Task description = Among the entries below, one line contains "(\<lambda>q. cond_pmf (\<pi>" and another contains "pmf) \<Rightarrow> ('q \<times> 'a) list". Transcribe those two lines and every line between them, exactly.

------------------------------------------------------------

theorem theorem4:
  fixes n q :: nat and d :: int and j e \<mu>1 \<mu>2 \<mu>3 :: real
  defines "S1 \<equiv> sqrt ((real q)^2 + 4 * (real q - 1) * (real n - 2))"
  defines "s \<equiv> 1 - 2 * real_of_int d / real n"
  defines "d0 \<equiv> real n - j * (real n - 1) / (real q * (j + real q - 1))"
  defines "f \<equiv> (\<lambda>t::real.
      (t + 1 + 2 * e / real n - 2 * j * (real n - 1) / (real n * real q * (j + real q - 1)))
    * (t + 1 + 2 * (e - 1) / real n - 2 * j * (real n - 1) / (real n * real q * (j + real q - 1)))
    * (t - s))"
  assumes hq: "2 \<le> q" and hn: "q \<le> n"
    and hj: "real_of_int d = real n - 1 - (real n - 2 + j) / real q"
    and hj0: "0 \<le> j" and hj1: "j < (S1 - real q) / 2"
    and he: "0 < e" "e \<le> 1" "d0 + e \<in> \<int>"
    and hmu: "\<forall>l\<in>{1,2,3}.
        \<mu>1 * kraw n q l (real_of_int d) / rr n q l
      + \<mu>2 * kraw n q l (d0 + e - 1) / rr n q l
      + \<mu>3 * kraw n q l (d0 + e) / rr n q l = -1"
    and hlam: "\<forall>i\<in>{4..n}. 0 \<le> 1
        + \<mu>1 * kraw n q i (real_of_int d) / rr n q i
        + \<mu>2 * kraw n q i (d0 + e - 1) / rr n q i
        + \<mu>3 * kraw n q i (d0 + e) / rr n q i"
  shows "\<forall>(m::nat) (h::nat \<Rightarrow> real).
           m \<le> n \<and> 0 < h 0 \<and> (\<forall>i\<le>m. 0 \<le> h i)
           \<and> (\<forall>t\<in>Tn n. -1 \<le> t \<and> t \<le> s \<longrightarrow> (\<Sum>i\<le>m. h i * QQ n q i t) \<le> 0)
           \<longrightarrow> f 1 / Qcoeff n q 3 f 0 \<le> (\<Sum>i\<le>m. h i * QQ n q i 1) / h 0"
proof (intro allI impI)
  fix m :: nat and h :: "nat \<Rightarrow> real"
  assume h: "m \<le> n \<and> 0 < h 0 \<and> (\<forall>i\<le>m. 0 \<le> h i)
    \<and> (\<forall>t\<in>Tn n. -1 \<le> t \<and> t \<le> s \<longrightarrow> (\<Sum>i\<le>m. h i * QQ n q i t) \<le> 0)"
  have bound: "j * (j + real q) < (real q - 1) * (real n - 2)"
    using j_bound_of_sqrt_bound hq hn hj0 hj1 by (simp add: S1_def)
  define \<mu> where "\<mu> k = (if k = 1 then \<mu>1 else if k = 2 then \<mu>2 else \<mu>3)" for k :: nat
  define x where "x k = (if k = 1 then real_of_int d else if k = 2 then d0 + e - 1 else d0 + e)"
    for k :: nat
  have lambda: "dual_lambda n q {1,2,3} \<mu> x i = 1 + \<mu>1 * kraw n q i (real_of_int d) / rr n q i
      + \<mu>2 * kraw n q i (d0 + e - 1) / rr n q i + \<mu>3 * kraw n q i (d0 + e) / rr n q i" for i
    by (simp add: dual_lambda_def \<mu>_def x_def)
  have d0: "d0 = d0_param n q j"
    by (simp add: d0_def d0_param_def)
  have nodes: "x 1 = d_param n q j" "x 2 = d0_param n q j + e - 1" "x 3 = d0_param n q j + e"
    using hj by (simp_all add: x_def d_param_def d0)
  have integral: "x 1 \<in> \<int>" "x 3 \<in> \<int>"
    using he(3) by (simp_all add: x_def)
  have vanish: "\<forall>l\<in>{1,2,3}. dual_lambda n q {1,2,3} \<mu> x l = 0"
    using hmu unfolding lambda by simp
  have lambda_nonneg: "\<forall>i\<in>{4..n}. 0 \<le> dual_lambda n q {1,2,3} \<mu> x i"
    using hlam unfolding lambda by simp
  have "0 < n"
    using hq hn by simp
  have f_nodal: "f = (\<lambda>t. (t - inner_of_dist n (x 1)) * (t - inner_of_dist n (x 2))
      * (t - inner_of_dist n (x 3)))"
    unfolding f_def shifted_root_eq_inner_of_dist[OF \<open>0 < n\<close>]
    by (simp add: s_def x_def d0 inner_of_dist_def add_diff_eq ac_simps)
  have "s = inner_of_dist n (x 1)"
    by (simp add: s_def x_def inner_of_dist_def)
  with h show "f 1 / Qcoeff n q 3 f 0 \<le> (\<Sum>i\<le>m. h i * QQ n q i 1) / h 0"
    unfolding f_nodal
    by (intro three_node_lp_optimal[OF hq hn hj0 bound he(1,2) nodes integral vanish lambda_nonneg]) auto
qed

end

------------------------------------------------------------

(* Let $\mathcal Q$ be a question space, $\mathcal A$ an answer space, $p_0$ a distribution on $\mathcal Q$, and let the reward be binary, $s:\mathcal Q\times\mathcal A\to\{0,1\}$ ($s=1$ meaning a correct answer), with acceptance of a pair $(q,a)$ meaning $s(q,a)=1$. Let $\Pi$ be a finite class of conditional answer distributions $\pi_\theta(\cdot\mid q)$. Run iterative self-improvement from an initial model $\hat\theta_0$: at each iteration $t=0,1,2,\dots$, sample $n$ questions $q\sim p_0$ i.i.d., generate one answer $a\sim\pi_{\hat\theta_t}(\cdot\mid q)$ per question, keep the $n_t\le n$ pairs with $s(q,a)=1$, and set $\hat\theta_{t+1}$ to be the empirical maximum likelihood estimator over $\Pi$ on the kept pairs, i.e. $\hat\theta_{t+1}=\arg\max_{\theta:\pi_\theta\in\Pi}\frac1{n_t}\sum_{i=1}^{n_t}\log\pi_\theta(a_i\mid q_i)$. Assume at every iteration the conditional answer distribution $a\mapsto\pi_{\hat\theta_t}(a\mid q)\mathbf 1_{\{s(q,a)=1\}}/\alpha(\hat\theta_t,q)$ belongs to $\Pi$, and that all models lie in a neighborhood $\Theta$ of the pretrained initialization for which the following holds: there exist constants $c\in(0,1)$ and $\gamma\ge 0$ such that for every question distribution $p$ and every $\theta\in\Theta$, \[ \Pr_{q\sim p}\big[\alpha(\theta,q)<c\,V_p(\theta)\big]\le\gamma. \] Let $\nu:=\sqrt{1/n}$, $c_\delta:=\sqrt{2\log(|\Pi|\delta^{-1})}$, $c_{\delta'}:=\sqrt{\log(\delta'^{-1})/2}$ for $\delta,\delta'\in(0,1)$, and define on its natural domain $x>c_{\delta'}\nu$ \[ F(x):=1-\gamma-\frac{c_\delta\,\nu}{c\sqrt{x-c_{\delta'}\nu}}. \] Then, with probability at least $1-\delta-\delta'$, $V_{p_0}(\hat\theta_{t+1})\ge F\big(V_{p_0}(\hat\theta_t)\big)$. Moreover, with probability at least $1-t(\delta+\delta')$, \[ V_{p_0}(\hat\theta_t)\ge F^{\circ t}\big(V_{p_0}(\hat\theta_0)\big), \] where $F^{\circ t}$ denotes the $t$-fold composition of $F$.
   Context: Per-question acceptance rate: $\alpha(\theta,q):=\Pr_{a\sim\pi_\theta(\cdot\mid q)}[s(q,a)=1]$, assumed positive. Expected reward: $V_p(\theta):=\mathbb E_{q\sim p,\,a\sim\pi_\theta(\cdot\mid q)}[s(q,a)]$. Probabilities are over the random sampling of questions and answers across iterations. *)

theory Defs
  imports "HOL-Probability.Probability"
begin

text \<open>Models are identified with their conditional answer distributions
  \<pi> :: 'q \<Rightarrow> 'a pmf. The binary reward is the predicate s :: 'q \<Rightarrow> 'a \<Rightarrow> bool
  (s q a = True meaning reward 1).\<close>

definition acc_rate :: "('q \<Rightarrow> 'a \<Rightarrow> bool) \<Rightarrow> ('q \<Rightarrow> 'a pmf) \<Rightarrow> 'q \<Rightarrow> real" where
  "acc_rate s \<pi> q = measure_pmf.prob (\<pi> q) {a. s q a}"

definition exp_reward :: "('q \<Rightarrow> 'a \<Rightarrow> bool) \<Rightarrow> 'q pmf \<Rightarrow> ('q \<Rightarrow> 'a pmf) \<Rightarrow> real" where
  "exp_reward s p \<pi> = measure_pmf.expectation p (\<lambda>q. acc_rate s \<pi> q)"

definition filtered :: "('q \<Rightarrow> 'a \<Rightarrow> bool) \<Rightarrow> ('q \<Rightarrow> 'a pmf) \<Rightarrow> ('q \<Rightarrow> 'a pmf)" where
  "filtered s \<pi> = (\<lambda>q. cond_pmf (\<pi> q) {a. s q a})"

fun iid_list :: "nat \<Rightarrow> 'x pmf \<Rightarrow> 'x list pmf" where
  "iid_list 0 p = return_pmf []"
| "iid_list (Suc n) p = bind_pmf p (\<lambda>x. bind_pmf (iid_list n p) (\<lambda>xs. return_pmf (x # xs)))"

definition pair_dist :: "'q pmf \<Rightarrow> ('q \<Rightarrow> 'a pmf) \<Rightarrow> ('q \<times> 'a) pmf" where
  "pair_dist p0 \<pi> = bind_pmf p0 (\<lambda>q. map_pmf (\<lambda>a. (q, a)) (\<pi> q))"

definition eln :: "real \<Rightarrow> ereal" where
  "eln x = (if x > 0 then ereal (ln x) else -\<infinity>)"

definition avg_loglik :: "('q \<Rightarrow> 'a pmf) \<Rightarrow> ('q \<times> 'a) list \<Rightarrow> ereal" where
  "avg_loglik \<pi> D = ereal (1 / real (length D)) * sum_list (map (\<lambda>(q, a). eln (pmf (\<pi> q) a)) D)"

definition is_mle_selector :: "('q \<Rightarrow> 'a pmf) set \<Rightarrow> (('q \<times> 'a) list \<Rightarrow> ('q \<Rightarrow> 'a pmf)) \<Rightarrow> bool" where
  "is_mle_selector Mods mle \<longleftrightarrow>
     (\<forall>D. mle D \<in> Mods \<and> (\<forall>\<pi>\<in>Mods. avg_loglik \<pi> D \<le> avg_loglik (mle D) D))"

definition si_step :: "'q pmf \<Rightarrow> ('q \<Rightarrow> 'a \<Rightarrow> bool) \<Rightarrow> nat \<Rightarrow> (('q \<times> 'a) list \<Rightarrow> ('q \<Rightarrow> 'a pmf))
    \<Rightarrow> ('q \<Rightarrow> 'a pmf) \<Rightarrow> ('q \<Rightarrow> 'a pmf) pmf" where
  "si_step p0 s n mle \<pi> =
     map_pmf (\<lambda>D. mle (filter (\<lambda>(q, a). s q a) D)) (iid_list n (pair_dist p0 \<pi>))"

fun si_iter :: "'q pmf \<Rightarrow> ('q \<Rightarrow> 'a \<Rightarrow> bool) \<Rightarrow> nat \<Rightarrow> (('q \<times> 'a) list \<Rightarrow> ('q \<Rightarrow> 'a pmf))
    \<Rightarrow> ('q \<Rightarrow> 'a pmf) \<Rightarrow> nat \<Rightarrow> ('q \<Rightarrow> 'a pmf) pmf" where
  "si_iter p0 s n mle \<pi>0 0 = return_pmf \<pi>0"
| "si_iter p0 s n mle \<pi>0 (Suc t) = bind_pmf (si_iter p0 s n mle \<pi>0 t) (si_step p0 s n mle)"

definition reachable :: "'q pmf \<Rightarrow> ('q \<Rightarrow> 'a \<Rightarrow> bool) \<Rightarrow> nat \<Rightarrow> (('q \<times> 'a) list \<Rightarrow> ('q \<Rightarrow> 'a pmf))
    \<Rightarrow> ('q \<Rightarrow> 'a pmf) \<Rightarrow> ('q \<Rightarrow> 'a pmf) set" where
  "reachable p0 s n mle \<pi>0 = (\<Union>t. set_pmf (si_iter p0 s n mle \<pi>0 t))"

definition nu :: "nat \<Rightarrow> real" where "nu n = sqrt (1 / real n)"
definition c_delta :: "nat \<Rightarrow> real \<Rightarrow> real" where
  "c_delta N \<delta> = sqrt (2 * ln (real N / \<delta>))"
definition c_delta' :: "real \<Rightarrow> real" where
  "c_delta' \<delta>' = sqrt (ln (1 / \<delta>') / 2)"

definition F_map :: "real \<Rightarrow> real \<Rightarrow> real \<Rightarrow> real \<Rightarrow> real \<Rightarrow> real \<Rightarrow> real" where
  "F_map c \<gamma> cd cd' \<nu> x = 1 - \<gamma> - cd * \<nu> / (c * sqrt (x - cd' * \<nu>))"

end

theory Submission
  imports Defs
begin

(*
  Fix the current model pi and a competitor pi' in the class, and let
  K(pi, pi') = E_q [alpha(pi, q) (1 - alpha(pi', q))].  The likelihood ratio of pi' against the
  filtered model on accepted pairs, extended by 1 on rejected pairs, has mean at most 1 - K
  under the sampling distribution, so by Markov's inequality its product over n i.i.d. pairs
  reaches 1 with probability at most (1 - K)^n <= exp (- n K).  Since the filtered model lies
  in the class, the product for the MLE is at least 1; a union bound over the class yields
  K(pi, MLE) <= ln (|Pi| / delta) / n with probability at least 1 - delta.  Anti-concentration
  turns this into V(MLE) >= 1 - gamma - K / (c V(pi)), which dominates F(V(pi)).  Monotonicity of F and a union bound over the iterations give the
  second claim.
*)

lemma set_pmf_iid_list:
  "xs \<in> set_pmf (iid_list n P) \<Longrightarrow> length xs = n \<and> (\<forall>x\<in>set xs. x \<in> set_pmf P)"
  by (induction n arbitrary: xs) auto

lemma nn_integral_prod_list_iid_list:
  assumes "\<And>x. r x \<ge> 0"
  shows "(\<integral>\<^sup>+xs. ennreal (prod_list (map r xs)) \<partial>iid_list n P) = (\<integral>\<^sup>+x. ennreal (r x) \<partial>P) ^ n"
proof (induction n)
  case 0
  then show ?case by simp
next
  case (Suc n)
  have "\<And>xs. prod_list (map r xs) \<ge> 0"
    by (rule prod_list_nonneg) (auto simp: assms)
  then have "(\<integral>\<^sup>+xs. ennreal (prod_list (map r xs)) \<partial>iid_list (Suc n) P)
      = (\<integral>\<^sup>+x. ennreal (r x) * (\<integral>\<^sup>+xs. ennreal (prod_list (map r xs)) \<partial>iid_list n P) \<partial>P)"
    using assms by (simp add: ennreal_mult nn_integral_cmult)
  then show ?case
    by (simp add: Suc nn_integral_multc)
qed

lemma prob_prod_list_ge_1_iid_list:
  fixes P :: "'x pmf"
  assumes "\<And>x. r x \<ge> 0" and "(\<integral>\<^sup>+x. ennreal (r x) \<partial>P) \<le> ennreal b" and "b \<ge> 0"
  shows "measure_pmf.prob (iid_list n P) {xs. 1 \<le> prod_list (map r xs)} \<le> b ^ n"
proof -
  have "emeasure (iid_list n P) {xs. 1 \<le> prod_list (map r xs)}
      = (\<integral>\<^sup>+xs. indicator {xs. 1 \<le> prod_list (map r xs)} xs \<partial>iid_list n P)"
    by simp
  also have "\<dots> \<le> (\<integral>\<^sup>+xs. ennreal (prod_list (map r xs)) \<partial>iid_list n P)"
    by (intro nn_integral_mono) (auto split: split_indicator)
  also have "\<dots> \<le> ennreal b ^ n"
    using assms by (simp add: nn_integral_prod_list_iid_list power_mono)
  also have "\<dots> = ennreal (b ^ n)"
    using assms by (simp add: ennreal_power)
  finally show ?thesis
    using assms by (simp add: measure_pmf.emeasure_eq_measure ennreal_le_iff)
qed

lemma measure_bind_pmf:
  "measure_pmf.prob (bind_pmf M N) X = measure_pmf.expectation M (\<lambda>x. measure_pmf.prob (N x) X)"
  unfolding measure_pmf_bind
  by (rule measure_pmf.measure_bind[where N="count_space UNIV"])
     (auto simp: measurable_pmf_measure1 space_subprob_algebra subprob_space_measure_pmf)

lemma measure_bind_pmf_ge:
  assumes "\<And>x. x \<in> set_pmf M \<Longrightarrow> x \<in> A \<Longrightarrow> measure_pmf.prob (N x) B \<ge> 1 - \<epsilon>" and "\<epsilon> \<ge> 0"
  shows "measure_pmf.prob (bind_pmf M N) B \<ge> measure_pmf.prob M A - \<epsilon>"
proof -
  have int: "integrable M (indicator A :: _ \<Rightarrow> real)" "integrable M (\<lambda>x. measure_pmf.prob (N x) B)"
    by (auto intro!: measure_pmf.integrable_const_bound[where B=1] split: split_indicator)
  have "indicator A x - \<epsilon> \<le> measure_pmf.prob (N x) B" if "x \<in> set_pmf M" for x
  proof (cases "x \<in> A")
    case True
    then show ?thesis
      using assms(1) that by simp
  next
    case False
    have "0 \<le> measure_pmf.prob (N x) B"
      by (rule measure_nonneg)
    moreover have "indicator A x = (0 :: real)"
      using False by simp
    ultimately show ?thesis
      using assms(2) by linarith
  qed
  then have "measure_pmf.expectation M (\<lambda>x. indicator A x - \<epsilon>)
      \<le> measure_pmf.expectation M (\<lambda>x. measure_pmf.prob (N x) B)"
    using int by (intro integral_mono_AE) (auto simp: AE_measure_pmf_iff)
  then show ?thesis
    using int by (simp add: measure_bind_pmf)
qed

------------------------------------------------------------

Your solution =
  "filtered s \<pi> = (\<lambda>q. cond_pmf (\<pi> q) {a. s q a})"

fun iid_list :: "nat \<Rightarrow> 'x pmf \<Rightarrow> 'x list pmf" where
  "iid_list 0 p = return_pmf []"
| "iid_list (Suc n) p = bind_pmf p (\<lambda>x. bind_pmf (iid_list n p) (\<lambda>xs. return_pmf (x # xs)))"

definition pair_dist :: "'q pmf \<Rightarrow> ('q \<Rightarrow> 'a pmf) \<Rightarrow> ('q \<times> 'a) pmf" where
  "pair_dist p0 \<pi> = bind_pmf p0 (\<lambda>q. map_pmf (\<lambda>a. (q, a)) (\<pi> q))"

definition eln :: "real \<Rightarrow> ereal" where
  "eln x = (if x > 0 then ereal (ln x) else -\<infinity>)"

definition avg_loglik :: "('q \<Rightarrow> 'a pmf) \<Rightarrow> ('q \<times> 'a) list \<Rightarrow> ereal" where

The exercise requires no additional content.